WHAT TO PRODUCE =
State how many lines in the entries below hold the word "finally", with nothing besides the number.

Stored data:

lemma power_zf_ge_power_csi:
  assumes "r > 0" "\<alpha> > 0" "\<rho>r > 0" "\<rho>d > 0" "\<rho>s > 0" "\<rho>0 > 0"
    and "1 \<le> K" "K \<le> \<tau>" "\<tau> < T" "K < M"
  shows "(1 + min (1 / T) (2 * \<rho>0 / (\<rho>r + \<rho>d + \<rho>s))) * power_csi M K r \<alpha> \<rho>r \<rho>d \<rho>s
           \<le> power_zf M K \<tau> r \<alpha> \<rho>r \<rho>d \<rho>s \<rho>0 T"
proof -
  define \<eta> where "\<eta> = min (1 / T) (2 * \<rho>0 / (\<rho>r + \<rho>d + \<rho>s))"
  define c where "c = (2 powr (r / K) - 1) / (M - K)"
  define rest where "rest = M * \<rho>r + K * \<rho>d + \<rho>s"
  have pos: "\<tau> > 0" "T > 0" "0 < 1 - \<tau> / T" "1 - \<tau> / T \<le> 1" using assms by auto
  have "2 powr (r / K) - 1 > 0" using assms by simp
  then have "c > 0" unfolding c_def using assms by simp
  have "r / K \<le> r / (K * (1 - \<tau> / T))"
    using pos assms by (intro divide_left_mono mult_pos_pos) (auto simp: mult_le_cancel_left1)
  then have "2 powr (r / K) - 1 \<le> 2 powr (r / (K * (1 - \<tau> / T))) - 1" by simp
  moreover have "1 + 1 / T \<le> 1 + K / \<tau>"
    using assms pos by (simp add: frac_le)
  moreover have "0 \<le> 1 + K / \<tau>" using assms pos by simp
  ultimately have "(1 + 1 / T) * (2 powr (r / K) - 1) \<le> (1 + K / \<tau>) * (2 powr (r / (K * (1 - \<tau> / T))) - 1)"
    using \<open>2 powr (r / K) - 1 > 0\<close> by (metis less_imp_le mult_mono)
  then have "(1 + 1 / T) * c \<le> (1 + K / \<tau>) * (2 powr (r / (K * (1 - \<tau> / T))) - 1) / (M - K)"
    unfolding c_def using assms by (simp add: divide_right_mono)
  also have "\<dots> \<le> gamma_u M K \<tau> r T" using assms by (intro gamma_u_ge) auto
  finally have gamma: "\<alpha> * K * ((1 + 1 / T) * c) \<le> \<alpha> * K * gamma_u M K \<tau> r T"
    using assms by (intro mult_left_mono) auto
  have "\<eta> * (\<alpha> * K * c) \<le> 1 / T * (\<alpha> * K * c)"
    unfolding \<eta>_def using \<open>c > 0\<close> assms by (intro mult_right_mono) auto
  have "rest \<le> M * K * (\<rho>r + \<rho>d + \<rho>s)"
  proof -
    have "1 \<le> M * K" using assms mult_mono[of 1 M 1 K] by simp
    then have "M * \<rho>r \<le> M * K * \<rho>r" "K * \<rho>d \<le> M * K * \<rho>d" "\<rho>s \<le> M * K * \<rho>s"
      using assms by (simp_all add: mult_le_cancel_right1 mult_le_cancel_left1)
    then show ?thesis unfolding rest_def by (simp add: algebra_simps)
  qed
  then have "\<eta> * rest \<le> 2 * \<rho>0 / (\<rho>r + \<rho>d + \<rho>s) * (M * K * (\<rho>r + \<rho>d + \<rho>s))"
    unfolding \<eta>_def rest_def using assms
    by (intro mult_mono) (auto intro!: add_pos_pos mult_pos_pos)
  also have "\<dots> = 2 * M * K * \<rho>0" using assms by (simp add: field_simps)
  finally have "\<eta> * rest \<le> 2 * M * K * \<rho>0" .
  moreover have "K * (8 * K\<^sup>2 * \<rho>0 / (3 * T)) \<ge> 0" "M * (4 * K\<^sup>2 * \<rho>0 / T) \<ge> 0"
    using assms pos by auto
  moreover have "power_csi M K r \<alpha> \<rho>r \<rho>d \<rho>s = \<alpha> * K * c + rest"
    unfolding power_csi_def c_def rest_def by simp
  ultimately show ?thesis
    using gamma \<open>\<eta> * (\<alpha> * K * c) \<le> _\<close>
    unfolding \<eta>_def[symmetric] power_zf_def rest_def by (simp add: algebra_simps)
qed

lemma power_zf_le_twice_power_csi:
  assumes "r > 0" "\<alpha> > 0" "\<rho>r > 0" "\<rho>d > 0" "\<rho>s > 0" "\<rho>0 > 0"
    and "1 \<le> K" "K \<le> T / 4" "3 * K * \<rho>0 \<le> \<rho>r" "2 * K * \<rho>0 \<le> 3 * \<rho>d" "K < M"
  shows "power_zf M K (T / 4) r \<alpha> \<rho>r \<rho>d \<rho>s \<rho>0 T
           \<le> 2 * power_csi M K (4 / 3 * r) \<alpha> \<rho>r \<rho>d \<rho>s - (\<rho>s - \<alpha> / 2)"
proof -
  define \<tau> where "\<tau> = T / 4"
  define c where "c = (2 powr (4 / 3 * r / K) - 1) / (M - K)"
  have pos: "T > 0" "\<tau> > 0" "K \<le> \<tau>" "\<tau> < T" using assms by (auto simp: \<tau>_def)
  have "r / (K * (1 - \<tau> / T)) = 4 / 3 * r / K" unfolding \<tau>_def using pos by (simp add: field_simps)
  then have "gamma_u M K \<tau> r T \<le> (1 + K / \<tau>) * c + 1 / (K + \<tau>)"
    using gamma_u_le[of K \<tau> T M r] pos assms unfolding c_def by simp
  moreover have "c > 0" unfolding c_def using assms by simp
  ultimately have "\<alpha> * K * gamma_u M K \<tau> r T \<le> \<alpha> * K * ((1 + K / \<tau>) * c + 1 / (K + \<tau>))"
    using assms by (intro mult_left_mono) auto
  also have "\<dots> = \<alpha> * K * c + \<alpha> * K * c * (K / \<tau>) + \<alpha> * (K / (K + \<tau>))"
    by (simp add: algebra_simps)
  also have "\<dots> \<le> \<alpha> * K * c + \<alpha> * K * c * 1 + \<alpha> * (1 / 2)"
    using pos assms \<open>c > 0\<close> by (intro add_mono mult_left_mono) (auto simp: field_simps)
  finally have gamma: "\<alpha> * K * gamma_u M K \<tau> r T \<le> 2 * (\<alpha> * K * c) + \<alpha> / 2"
    by (simp add: algebra_simps)
  have overhead: "K\<^sup>2 * \<rho>0 / T \<le> K * \<rho>0 / 4"
    using assms pos by (simp add: power2_eq_square field_simps mult_left_mono)
  have "8 * K\<^sup>2 * \<rho>0 / (3 * T) \<le> \<rho>d"
    using overhead assms(10) by (simp add: field_simps)
  moreover have "2 * K * \<rho>0 + 4 * K\<^sup>2 * \<rho>0 / T \<le> \<rho>r"
    using overhead assms(9) by (simp add: field_simps)
  ultimately have "K * (8 * K\<^sup>2 * \<rho>0 / (3 * T)) \<le> K * \<rho>d" "M * (2 * K * \<rho>0 + 4 * K\<^sup>2 * \<rho>0 / T) \<le> M * \<rho>r"
    using assms by (auto intro!: mult_left_mono simp del: times_divide_eq_right)
  moreover have "power_csi M K (4 / 3 * r) \<alpha> \<rho>r \<rho>d \<rho>s = \<alpha> * K * c + M * \<rho>r + K * \<rho>d + \<rho>s"
    unfolding power_csi_def c_def by simp
  ultimately show ?thesis
    using gamma unfolding power_zf_def \<tau>_def[symmetric] by (simp add: algebra_simps)
qed

lemma zeta_zf_mult_le_zeta_csi:
  assumes "r > 0" "\<alpha> > 0" "\<rho>r > 0" "\<rho>d > 0" "\<rho>s > 0" "\<rho>0 > 0"
    and "1 \<le> K" "K \<le> \<tau>" "\<tau> < T" "K < M"
  shows "zeta_zf M K \<tau> r \<alpha> \<rho>r \<rho>d \<rho>s \<rho>0 T * (1 + min (1 / T) (2 * \<rho>0 / (\<rho>r + \<rho>d + \<rho>s)))
           \<le> zeta_csi M K r \<alpha> \<rho>r \<rho>d \<rho>s \<rho>0 T"
proof -
  define \<eta> where "\<eta> = min (1 / T) (2 * \<rho>0 / (\<rho>r + \<rho>d + \<rho>s))"
  have "\<eta> > 0" unfolding \<eta>_def using assms by auto
  have "0 < power_csi M K r \<alpha> \<rho>r \<rho>d \<rho>s"
    using power_csi_gt assms by (meson less_trans)
  moreover have "power_csi M K r \<alpha> \<rho>r \<rho>d \<rho>s \<le> power_zf M K \<tau> r \<alpha> \<rho>r \<rho>d \<rho>s \<rho>0 T / (1 + \<eta>)"
    using power_zf_ge_power_csi[OF assms] \<open>\<eta> > 0\<close> unfolding \<eta>_def[symmetric] by (simp add: field_simps)
  ultimately have "r / (power_zf M K \<tau> r \<alpha> \<rho>r \<rho>d \<rho>s \<rho>0 T / (1 + \<eta>)) \<le> r / power_csi M K r \<alpha> \<rho>r \<rho>d \<rho>s"
    using \<open>r > 0\<close> by (intro divide_left_mono mult_pos_pos) auto
  then show ?thesis
    using \<open>r > 0\<close> unfolding \<eta>_def[symmetric] zeta_zf_eq by (simp add: zeta_csi_eq)
qed

lemma inverse_zeta_zf_quarter_le:
  assumes "r > 0" "\<alpha> > 0" "\<rho>r > 0" "\<rho>d > 0" "\<rho>s > 0" "\<rho>0 > 0"
    and "1 \<le> K" "K \<le> T / 4" "3 * K * \<rho>0 \<le> \<rho>r" "2 * K * \<rho>0 \<le> 3 * \<rho>d" "K < M"
  shows "0 < zeta_zf M K (T / 4) r \<alpha> \<rho>r \<rho>d \<rho>s \<rho>0 T"
    and "1 / zeta_zf M K (T / 4) r \<alpha> \<rho>r \<rho>d \<rho>s \<rho>0 T
           \<le> (8 / 3) / zeta_csi M K (4 / 3 * r) \<alpha> \<rho>r \<rho>d \<rho>s \<rho>0 T - (\<rho>s - \<alpha> / 2) / r"
proof -
  have "0 < power_csi M K r \<alpha> \<rho>r \<rho>d \<rho>s"
    using power_csi_gt assms by (meson less_trans)
  also have "\<dots> \<le> (1 + min (1 / T) (2 * \<rho>0 / (\<rho>r + \<rho>d + \<rho>s))) * power_csi M K r \<alpha> \<rho>r \<rho>d \<rho>s"
    using calculation assms by (simp add: mult_le_cancel_right1)
  also have "\<dots> \<le> power_zf M K (T / 4) r \<alpha> \<rho>r \<rho>d \<rho>s \<rho>0 T"
    using assms by (intro power_zf_ge_power_csi) auto
  finally have "0 < power_zf M K (T / 4) r \<alpha> \<rho>r \<rho>d \<rho>s \<rho>0 T" .
  then show "0 < zeta_zf M K (T / 4) r \<alpha> \<rho>r \<rho>d \<rho>s \<rho>0 T"
    unfolding zeta_zf_eq using assms by simp
  have "1 / zeta_zf M K (T / 4) r \<alpha> \<rho>r \<rho>d \<rho>s \<rho>0 T = power_zf M K (T / 4) r \<alpha> \<rho>r \<rho>d \<rho>s \<rho>0 T / r"
    unfolding zeta_zf_eq by simp
  also have "\<dots> \<le> (2 * power_csi M K (4 / 3 * r) \<alpha> \<rho>r \<rho>d \<rho>s - (\<rho>s - \<alpha> / 2)) / r"
    using power_zf_le_twice_power_csi[OF assms] assms by (simp add: divide_right_mono)
  also have "\<dots> = (8 / 3) / zeta_csi M K (4 / 3 * r) \<alpha> \<rho>r \<rho>d \<rho>s \<rho>0 T - (\<rho>s - \<alpha> / 2) / r"
    using assms by (simp add: zeta_csi_eq field_simps)
  finally show "1 / zeta_zf M K (T / 4) r \<alpha> \<rho>r \<rho>d \<rho>s \<rho>0 T
           \<le> (8 / 3) / zeta_csi M K (4 / 3 * r) \<alpha> \<rho>r \<rho>d \<rho>s \<rho>0 T - (\<rho>s - \<alpha> / 2) / r" .
qed

lemma cSup_less_cSup_of_uniform_gap:
  fixes S Z :: "real set"
  assumes "Z \<noteq> {}" "bdd_above S" "0 < Sup S" "\<eta> > 0"
    and "\<And>z. z \<in> Z \<Longrightarrow> \<exists>s\<in>S. z * (1 + \<eta>) \<le> s"
  shows "Sup Z < Sup S"
proof -
  have "z \<le> Sup S / (1 + \<eta>)" if "z \<in> Z" for z
  proof -
    obtain s where "s \<in> S" "z * (1 + \<eta>) \<le> s" using assms(5) \<open>z \<in> Z\<close> by blast
    then have "z * (1 + \<eta>) \<le> Sup S" using assms(2) by (meson cSup_upper order_trans)
    then show ?thesis using \<open>\<eta> > 0\<close> by (simp add: field_simps)
  qed
  then have "Sup Z \<le> Sup S / (1 + \<eta>)" using \<open>Z \<noteq> {}\<close> by (intro cSup_least)
  also have "\<dots> < Sup S" using assms(3,4) by (simp add: field_simps)
  finally show ?thesis .
qed

lemma cSup_div_less_cSup_of_reciprocal_gap:
  fixes S Z :: "real set"
  assumes "S \<noteq> {}" "bdd_above S" "0 < Sup S" "bdd_above Z" "c > 0" "\<delta> > 0"
    and "\<And>s. s \<in> S \<Longrightarrow> \<exists>z\<in>Z. 0 < z \<and> 1 / z \<le> c / s - \<delta>"
  shows "Sup S / c < Sup Z"
proof -
  \<comment> \<open>\<open>v\<close> solves \<open>c / v - \<delta> = c / Sup S\<close>\<close>
  define v where "v = 1 / (1 / Sup S + \<delta> / c)"
  have "0 < \<delta> / c" using assms(5,6) by simp
  then have "0 < v" "v < Sup S" unfolding v_def using assms(3)
    by (smt (verit, ccfv_threshold) mult.commute mult_imp_div_pos_less
        mult_imp_le_div_pos zero_less_divide_1_iff)+
  then obtain s where "s \<in> S" "v < s" using less_cSup_iff[OF assms(1,2)] by blast
  then obtain z where "z \<in> Z" "0 < z" "1 / z \<le> c / s - \<delta>" using assms(7) by blast
  moreover have "c / s - \<delta> < c / v - \<delta>"
    using \<open>0 < v\<close> \<open>v < s\<close> \<open>c > 0\<close> by (simp add: divide_strict_left_mono)
  moreover have "c / v - \<delta> = c / Sup S" unfolding v_def using assms(3,5) by (simp add: field_simps)
  ultimately have "1 / z < c / Sup S" by linarith
  then have "Sup S / c < z" using \<open>0 < z\<close> assms(3,5) by (simp add: field_simps)
  also have "z \<le> Sup Z" using \<open>z \<in> Z\<close> assms(4) by (rule cSup_upper)
  finally show ?thesis .
qed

EXERCISE RESPONSE =
7